• TASK DETAILS: Check each line below for the word "dots", and copy those that have it.

• DATA TO USE:
lemma orbit_eq_automorphism: "orbit u g = {f u |f. automorphism f g}"
  unfolding orbit_def automorphism_def ..

lemma orbit_rigid:
  assumes "rigid g" "u \<in> fst g"
  shows "orbit u g = {u}"
proof -
  have "f u = u" if "automorphism f g" for f
    using assms that unfolding rigid_def by blast
  then have "{f u |f. automorphism f g} \<subseteq> {u}" by blast
  moreover have "automorphism id g" by (simp add: automorphism_def)
  then have "id u \<in> {f u |f. automorphism f g}" by blast
  ultimately show ?thesis unfolding orbit_eq_automorphism by auto
qed

lemma neighbours_subset: "wf_graph g \<Longrightarrow> neighbours g v \<subseteq> fst g"
  unfolding wf_graph_def neighbours_def by auto

lemma automorphism_image_neighbours:
  assumes g: "wf_graph g" and f: "automorphism f g" and v: "v \<in> fst g"
  shows "f ` neighbours g v = neighbours g (f v)"
proof (intro equalityI subsetI)
  fix z assume "z \<in> f ` neighbours g v"
  then obtain w where "w \<in> neighbours g v" "z = f w" by blast
  with neighbours_subset[OF g] f v show "z \<in> neighbours g (f v)"
    unfolding automorphism_def neighbours_def by blast
next
  fix z assume z: "z \<in> neighbours g (f v)"
  then have "z \<in> fst g" using neighbours_subset[OF g] by blast
  then obtain w where "w \<in> fst g" "z = f w"
    using f unfolding automorphism_def bij_betw_def by blast
  with z f v show "z \<in> f ` neighbours g v"
    unfolding automorphism_def neighbours_def by blast
qed

lemma automorphism_card_neighbours:
  assumes "wf_graph g" "automorphism f g" "v \<in> fst g"
  shows "card (neighbours g (f v)) = card (neighbours g v)"
proof -
  have "inj_on f (neighbours g v)"
    using assms(2) neighbours_subset[OF assms(1)]
    unfolding automorphism_def bij_betw_def by (blast intro: inj_on_subset)
  then show ?thesis
    using automorphism_image_neighbours[OF assms] by (metis card_image)
qed

lemma automorphism_fixes_last_neighbour:
  assumes g: "wf_graph g" and f: "automorphism f g" and u: "u \<in> fst g" "f u = u"
    and w: "w \<in> neighbours g u" and others: "\<forall>x\<in>neighbours g u - {w}. f x = x"
  shows "f w = w"
proof -
  have "f w \<in> neighbours g u"
    using automorphism_image_neighbours[OF g f u(1)] u(2) w by (metis image_eqI)
  moreover have "f w \<noteq> x" if "x \<in> neighbours g u - {w}" for x
  proof
    assume "f w = x"
    with that others have "f w = f x" by simp
    moreover have "w \<in> fst g" "x \<in> fst g" using that w neighbours_subset[OF g] by blast+
    ultimately show False
      using that f unfolding automorphism_def bij_betw_def inj_on_def by blast
  qed
  ultimately show ?thesis by blast
qed

definition spider :: "nat \<Rightarrow> graph" where
  "spider M = ({0..<M}, {(i, j). (j = Suc i \<and> Suc i < M - 1) \<or> (i = Suc j \<and> Suc j < M - 1)
     \<or> (i = 2 \<and> j = M - 1) \<or> (i = M - 1 \<and> j = 2)})"

lemma fst_spider: "fst (spider M) = {0..<M}"
  by (simp add: spider_def)

lemma wf_graph_spider: "3 < M \<Longrightarrow> wf_graph (spider M)"
  unfolding wf_graph_def spider_def sym_def by auto

lemma neighbours_spider:
  assumes "7 \<le> M"
  shows "neighbours (spider M) 0 = {1}" and "neighbours (spider M) 1 = {0, 2}"
    and "neighbours (spider M) 2 = {1, 3, M - 1}" and "neighbours (spider M) (M - 2) = {M - 3}"
    and "neighbours (spider M) (M - 1) = {2}"
    and "3 \<le> i \<Longrightarrow> i \<le> M - 3 \<Longrightarrow> neighbours (spider M) i = {i - 1, i + 1}"
  using assms unfolding neighbours_def spider_def by auto

lemma card_neighbours_spider:
  assumes "7 \<le> M" "v < M"
  shows "card (neighbours (spider M) v) =
    (if v = 2 then 3 else if v = 0 \<or> v = M - 2 \<or> v = M - 1 then 1 else 2)"
proof -
  consider "v = 0" | "v = 1" | "v = 2" | "3 \<le> v \<and> v \<le> M - 3" | "v = M - 2" | "v = M - 1"
    using assms by linarith
  then show ?thesis
  proof cases
    case 4
    then show ?thesis using assms neighbours_spider(6)[OF assms(1), of v] by auto
  qed (use assms neighbours_spider(1-5)[OF assms(1)] in auto)
qed
lemma glue_coupling_sum_last:
  assumes "j \<le> c"
  shows "(\<Sum>l\<le>b. glue_coupling p c z1 z2 i j l) = z1 i j"
proof (cases "p c j = 0")
  case True
  then show ?thesis
    using transport_plan_le_col[OF p z1, of i j] transport_plan_nonneg[OF z1, of i j]
    by (simp add: glue_coupling_def)
next
  case False
  then show ?thesis
    using transport_plan_row_sum[OF z2 assms]
    by (simp add: glue_coupling_def sum_divide_distrib[symmetric] sum_distrib_left[symmetric])
qed

lemma glue_coupling_sum_first:
  assumes "j \<le> c"
  shows "(\<Sum>i\<le>a. glue_coupling p c z1 z2 i j l) = z2 j l"
proof (cases "p c j = 0")
  case True
  then show ?thesis
    using transport_plan_le_row[OF p z2, of j l] transport_plan_nonneg[OF z2, of j l]
    by (simp add: glue_coupling_def)
next
  case False
  then show ?thesis
    using transport_plan_col_sum[OF z1 assms]
    by (simp add: glue_coupling_def sum_divide_distrib[symmetric] sum_distrib_right[symmetric])
qed

lemma glue_plan_in_transport_plans: "glue_plan p c z1 z2 \<in> transport_plans p a b"
  unfolding transport_plans_def
proof (intro CollectI conjI allI impI)
  fix i l
  show "0 \<le> glue_plan p c z1 z2 i l"
    unfolding glue_plan_def by (intro sum_nonneg glue_coupling_nonneg)
  assume "a < i \<or> b < l"
  then show "glue_plan p c z1 z2 i l = 0"
    using transport_plan_zero[OF z1, of i] transport_plan_zero[OF z2, of _ l]
    by (auto simp: glue_plan_def glue_coupling_def intro!: sum.neutral)
next
  fix i assume "i \<le> a"
  have "(\<Sum>l\<le>b. glue_plan p c z1 z2 i l) = (\<Sum>j\<le>c. \<Sum>l\<le>b. glue_coupling p c z1 z2 i j l)"
    unfolding glue_plan_def by (rule sum.swap)
  also have "\<dots> = p a i"
    using transport_plan_row_sum[OF z1 \<open>i \<le> a\<close>] by (simp add: glue_coupling_sum_last)
  finally show "(\<Sum>l\<le>b. glue_plan p c z1 z2 i l) = p a i" .
next
  fix l assume "l \<le> b"
  have "(\<Sum>i\<le>a. glue_plan p c z1 z2 i l) = (\<Sum>j\<le>c. \<Sum>i\<le>a. glue_coupling p c z1 z2 i j l)"
    unfolding glue_plan_def by (rule sum.swap)
  also have "\<dots> = p b l"
    using transport_plan_col_sum[OF z2 \<open>l \<le> b\<close>] by (simp add: glue_coupling_sum_first)
  finally show "(\<Sum>i\<le>a. glue_plan p c z1 z2 i l) = p b l" .
qed

lemma plan_cost_glue_plan_le:
  assumes triangle: "\<And>i j l. i \<le> a \<Longrightarrow> j \<le> c \<Longrightarrow> l \<le> b \<Longrightarrow> f i l \<le> f i j + f j l"
  shows "plan_cost f a b (glue_plan p c z1 z2) \<le> plan_cost f a c z1 + plan_cost f c b z2"
proof -
  let ?w = "glue_coupling p c z1 z2"
  have "plan_cost f a b (glue_plan p c z1 z2) = (\<Sum>i\<le>a. \<Sum>l\<le>b. \<Sum>j\<le>c. ?w i j l * f i l)"
    by (simp add: plan_cost_def glue_plan_def sum_distrib_right)
  also have "\<dots> \<le> (\<Sum>i\<le>a. \<Sum>l\<le>b. \<Sum>j\<le>c. ?w i j l * f i j + ?w i j l * f j l)"
    using triangle glue_coupling_nonneg
    by (intro sum_mono) (simp add: distrib_left[symmetric] mult_left_mono)
  also have "\<dots> = (\<Sum>i\<le>a. \<Sum>j\<le>c. (\<Sum>l\<le>b. ?w i j l) * f i j)
                 + (\<Sum>j\<le>c. \<Sum>l\<le>b. (\<Sum>i\<le>a. ?w i j l) * f j l)"
    by (simp add: sum.distrib sum_distrib_right sum.swap[of _ "{..b}" "{..c}"]
        sum.swap[of _ "{..a}" "{..c}"] sum.swap[of _ "{..a}" "{..b}"])
  also have "\<dots> = plan_cost f a c z1 + plan_cost f c b z2"
    by (simp add: plan_cost_def glue_coupling_sum_last glue_coupling_sum_first)
  finally show ?thesis .
qed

• ANSWER SECTION:
  also have "\<dots> = p a i"
  also have "\<dots> = p b l"
  also have "\<dots> \<le> (\<Sum>i\<le>a. \<Sum>l\<le>b. \<Sum>j\<le>c. ?w i j l * f i j + ?w i j l * f j l)"
  also have "\<dots> = (\<Sum>i\<le>a. \<Sum>j\<le>c. (\<Sum>l\<le>b. ?w i j l) * f i j)
  also have "\<dots> = plan_cost f a c z1 + plan_cost f c b z2"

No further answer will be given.